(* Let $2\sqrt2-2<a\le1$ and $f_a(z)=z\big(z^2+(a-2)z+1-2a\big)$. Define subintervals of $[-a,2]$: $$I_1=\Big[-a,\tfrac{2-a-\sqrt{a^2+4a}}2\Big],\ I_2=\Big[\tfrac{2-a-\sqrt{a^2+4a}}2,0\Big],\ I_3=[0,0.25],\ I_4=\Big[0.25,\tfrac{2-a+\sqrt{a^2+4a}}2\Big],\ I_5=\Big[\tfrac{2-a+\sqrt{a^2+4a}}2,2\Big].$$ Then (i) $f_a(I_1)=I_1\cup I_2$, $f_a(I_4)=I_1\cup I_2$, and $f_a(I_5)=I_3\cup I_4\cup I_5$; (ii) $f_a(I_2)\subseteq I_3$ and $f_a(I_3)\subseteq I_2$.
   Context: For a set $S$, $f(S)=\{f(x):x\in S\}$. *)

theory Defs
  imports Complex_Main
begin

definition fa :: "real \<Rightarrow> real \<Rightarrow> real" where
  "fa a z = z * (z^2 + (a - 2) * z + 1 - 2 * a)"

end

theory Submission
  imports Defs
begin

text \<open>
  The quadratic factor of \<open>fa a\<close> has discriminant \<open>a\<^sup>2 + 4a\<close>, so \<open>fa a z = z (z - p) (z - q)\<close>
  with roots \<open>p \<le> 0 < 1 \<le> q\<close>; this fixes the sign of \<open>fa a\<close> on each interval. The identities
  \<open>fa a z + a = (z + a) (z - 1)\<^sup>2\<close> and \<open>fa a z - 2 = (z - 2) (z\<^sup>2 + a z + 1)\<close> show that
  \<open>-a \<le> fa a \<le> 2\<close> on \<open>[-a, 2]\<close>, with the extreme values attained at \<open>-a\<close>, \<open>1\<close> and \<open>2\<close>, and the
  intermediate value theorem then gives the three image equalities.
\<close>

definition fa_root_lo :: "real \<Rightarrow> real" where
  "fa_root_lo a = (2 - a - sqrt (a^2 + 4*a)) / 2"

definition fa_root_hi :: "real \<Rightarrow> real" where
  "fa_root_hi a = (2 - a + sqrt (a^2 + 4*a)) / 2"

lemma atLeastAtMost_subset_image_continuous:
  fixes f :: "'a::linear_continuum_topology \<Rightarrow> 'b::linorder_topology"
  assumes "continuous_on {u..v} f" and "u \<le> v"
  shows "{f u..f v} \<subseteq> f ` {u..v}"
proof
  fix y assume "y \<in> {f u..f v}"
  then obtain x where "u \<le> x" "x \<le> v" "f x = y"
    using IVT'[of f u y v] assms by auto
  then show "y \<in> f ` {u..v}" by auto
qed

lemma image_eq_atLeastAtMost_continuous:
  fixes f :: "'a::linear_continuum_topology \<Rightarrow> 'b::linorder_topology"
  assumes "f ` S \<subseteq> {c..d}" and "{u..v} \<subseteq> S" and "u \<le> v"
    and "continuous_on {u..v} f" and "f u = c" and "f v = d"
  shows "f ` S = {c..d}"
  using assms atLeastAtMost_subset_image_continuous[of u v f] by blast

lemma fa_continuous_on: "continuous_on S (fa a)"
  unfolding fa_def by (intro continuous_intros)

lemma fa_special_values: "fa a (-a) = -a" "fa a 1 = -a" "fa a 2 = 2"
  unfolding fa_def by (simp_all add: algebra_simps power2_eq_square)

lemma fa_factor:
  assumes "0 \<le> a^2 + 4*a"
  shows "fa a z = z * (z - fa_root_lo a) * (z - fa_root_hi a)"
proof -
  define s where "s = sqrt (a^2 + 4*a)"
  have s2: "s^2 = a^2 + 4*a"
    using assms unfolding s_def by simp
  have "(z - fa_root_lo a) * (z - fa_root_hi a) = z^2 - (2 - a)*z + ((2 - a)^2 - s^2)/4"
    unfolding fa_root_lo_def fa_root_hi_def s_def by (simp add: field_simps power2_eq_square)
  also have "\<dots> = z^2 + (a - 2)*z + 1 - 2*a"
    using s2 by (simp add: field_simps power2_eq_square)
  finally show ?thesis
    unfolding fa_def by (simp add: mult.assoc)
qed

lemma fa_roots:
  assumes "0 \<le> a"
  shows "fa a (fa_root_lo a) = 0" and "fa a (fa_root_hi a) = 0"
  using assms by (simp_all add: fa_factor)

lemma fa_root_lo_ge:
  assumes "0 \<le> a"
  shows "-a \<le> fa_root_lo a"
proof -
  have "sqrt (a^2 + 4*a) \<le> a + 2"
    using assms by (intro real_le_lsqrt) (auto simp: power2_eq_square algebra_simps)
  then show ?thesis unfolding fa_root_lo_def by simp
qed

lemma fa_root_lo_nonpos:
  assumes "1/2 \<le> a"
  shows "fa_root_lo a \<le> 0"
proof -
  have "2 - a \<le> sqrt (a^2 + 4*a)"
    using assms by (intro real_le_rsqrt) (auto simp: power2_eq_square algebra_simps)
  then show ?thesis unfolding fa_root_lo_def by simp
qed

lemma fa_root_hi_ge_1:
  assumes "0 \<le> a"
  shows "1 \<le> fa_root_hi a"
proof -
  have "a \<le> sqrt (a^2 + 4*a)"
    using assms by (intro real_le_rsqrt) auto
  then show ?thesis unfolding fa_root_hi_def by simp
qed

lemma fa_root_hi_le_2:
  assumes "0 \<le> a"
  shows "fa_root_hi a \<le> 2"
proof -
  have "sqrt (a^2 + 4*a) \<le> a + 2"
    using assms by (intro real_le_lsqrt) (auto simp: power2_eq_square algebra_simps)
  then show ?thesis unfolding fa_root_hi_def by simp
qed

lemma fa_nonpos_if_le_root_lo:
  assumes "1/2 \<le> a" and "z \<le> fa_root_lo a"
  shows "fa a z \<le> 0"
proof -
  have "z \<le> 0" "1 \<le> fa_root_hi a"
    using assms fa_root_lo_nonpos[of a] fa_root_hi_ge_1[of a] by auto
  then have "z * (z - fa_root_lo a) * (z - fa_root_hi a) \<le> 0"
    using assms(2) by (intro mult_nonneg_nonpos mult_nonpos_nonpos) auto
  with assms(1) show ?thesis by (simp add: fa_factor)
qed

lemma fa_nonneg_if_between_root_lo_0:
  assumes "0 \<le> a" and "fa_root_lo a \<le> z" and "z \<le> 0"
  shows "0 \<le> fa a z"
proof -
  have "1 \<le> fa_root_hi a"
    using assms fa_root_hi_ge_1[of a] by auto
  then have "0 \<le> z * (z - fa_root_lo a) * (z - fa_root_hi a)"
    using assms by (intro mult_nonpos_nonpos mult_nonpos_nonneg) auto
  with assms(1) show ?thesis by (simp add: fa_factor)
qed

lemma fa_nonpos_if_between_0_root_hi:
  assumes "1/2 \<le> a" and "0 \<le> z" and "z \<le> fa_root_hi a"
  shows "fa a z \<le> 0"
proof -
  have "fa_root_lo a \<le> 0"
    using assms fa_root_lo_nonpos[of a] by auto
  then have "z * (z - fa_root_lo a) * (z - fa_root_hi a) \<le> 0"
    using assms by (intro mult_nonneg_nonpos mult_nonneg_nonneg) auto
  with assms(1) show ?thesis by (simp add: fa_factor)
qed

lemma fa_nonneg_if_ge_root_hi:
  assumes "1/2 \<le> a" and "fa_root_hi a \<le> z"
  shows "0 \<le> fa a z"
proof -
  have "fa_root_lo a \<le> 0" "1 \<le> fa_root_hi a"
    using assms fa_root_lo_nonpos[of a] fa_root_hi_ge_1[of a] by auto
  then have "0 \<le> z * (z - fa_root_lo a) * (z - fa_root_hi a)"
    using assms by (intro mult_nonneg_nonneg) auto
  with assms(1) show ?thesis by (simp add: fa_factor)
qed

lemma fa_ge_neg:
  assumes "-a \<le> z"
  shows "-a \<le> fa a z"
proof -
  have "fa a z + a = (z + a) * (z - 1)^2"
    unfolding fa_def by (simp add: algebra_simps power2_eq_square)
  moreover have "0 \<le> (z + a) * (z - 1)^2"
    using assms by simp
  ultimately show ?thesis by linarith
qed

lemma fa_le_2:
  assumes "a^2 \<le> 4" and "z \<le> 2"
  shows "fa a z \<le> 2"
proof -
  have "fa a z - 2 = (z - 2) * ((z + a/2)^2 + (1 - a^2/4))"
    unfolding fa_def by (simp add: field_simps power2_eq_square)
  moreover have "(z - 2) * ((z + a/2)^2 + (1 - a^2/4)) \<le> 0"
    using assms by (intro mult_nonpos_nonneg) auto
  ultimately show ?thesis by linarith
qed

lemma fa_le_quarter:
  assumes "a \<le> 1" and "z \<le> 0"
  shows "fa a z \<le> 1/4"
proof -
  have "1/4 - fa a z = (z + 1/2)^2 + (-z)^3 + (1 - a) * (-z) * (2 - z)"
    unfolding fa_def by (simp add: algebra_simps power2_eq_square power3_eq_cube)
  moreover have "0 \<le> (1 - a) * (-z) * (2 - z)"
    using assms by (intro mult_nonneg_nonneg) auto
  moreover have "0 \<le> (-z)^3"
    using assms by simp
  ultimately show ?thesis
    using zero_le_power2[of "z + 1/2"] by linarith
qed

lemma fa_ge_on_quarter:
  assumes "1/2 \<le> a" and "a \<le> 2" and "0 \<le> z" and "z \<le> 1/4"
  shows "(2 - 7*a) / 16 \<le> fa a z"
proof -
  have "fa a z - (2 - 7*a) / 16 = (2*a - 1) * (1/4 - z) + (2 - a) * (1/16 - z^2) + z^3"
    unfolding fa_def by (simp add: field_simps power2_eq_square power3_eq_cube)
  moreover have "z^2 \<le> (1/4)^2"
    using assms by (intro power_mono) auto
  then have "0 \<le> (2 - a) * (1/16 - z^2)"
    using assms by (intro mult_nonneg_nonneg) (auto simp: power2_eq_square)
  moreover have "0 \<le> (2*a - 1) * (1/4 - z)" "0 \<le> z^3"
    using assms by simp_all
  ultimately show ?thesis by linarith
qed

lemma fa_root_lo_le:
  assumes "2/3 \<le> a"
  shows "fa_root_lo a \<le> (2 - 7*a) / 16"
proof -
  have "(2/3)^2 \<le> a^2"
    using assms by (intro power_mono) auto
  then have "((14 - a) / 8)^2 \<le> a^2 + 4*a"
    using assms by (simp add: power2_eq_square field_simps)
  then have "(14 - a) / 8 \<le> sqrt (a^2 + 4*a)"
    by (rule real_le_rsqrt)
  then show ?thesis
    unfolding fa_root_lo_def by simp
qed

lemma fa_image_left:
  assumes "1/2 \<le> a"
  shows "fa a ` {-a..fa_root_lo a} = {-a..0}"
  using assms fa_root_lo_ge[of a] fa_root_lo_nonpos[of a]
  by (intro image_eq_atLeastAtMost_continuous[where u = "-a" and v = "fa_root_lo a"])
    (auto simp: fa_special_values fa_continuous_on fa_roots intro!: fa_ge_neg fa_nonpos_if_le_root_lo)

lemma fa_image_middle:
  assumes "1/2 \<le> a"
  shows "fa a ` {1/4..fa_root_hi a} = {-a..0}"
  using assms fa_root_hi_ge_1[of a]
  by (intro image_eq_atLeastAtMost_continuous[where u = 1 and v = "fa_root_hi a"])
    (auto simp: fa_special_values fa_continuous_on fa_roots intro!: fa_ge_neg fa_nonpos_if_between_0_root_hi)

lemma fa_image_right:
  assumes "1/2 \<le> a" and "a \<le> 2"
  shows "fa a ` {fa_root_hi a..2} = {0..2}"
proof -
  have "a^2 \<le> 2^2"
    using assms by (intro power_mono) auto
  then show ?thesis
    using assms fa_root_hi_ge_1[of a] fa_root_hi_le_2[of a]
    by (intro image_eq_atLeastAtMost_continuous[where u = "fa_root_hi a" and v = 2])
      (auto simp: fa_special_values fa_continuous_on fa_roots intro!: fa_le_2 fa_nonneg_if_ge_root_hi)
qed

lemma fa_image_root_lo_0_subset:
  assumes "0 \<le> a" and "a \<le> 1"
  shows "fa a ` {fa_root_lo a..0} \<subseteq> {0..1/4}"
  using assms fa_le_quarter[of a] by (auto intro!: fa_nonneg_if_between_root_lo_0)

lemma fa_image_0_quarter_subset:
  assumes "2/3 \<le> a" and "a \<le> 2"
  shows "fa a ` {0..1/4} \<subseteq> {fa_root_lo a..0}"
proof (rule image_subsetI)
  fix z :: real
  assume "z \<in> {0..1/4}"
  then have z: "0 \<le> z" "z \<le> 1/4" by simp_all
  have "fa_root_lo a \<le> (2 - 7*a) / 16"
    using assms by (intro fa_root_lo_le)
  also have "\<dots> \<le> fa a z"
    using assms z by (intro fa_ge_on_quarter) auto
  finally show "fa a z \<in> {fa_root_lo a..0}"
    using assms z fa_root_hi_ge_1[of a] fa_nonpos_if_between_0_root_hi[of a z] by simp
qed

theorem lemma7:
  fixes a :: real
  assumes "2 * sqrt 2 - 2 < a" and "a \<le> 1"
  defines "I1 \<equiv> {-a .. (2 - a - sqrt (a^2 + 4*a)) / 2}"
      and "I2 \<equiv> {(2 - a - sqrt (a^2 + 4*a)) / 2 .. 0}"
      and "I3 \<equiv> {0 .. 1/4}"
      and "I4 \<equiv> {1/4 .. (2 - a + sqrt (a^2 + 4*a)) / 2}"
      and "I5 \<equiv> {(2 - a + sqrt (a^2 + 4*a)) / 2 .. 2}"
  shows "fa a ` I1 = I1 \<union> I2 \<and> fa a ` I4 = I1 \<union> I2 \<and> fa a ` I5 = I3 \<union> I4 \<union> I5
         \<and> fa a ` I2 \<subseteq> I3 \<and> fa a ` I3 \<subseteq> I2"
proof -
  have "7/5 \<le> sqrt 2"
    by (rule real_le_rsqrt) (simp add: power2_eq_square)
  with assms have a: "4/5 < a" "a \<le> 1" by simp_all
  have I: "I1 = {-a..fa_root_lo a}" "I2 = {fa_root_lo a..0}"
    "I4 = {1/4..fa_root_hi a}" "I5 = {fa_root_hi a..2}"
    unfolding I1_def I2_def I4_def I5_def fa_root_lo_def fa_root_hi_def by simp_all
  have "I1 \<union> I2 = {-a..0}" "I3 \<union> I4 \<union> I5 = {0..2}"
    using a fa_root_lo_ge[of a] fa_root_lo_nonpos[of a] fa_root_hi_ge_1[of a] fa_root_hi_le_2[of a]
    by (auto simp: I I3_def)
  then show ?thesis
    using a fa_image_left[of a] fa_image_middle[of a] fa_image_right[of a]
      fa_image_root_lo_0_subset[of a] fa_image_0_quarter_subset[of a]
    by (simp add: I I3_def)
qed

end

_About this task_
Exactly as written, repeat the lines from the start of the listing through the line containing "The quadratic factor", both included.

_Response_
(* Let $2\sqrt2-2<a\le1$ and $f_a(z)=z\big(z^2+(a-2)z+1-2a\big)$. Define subintervals of $[-a,2]$: $$I_1=\Big[-a,\tfrac{2-a-\sqrt{a^2+4a}}2\Big],\ I_2=\Big[\tfrac{2-a-\sqrt{a^2+4a}}2,0\Big],\ I_3=[0,0.25],\ I_4=\Big[0.25,\tfrac{2-a+\sqrt{a^2+4a}}2\Big],\ I_5=\Big[\tfrac{2-a+\sqrt{a^2+4a}}2,2\Big].$$ Then (i) $f_a(I_1)=I_1\cup I_2$, $f_a(I_4)=I_1\cup I_2$, and $f_a(I_5)=I_3\cup I_4\cup I_5$; (ii) $f_a(I_2)\subseteq I_3$ and $f_a(I_3)\subseteq I_2$.
   Context: For a set $S$, $f(S)=\{f(x):x\in S\}$. *)

theory Defs
  imports Complex_Main
begin

definition fa :: "real \<Rightarrow> real \<Rightarrow> real" where
  "fa a z = z * (z^2 + (a - 2) * z + 1 - 2 * a)"

end

theory Submission
  imports Defs
begin

text \<open>
  The quadratic factor of \<open>fa a\<close> has discriminant \<open>a\<^sup>2 + 4a\<close>, so \<open>fa a z = z (z - p) (z - q)\<close>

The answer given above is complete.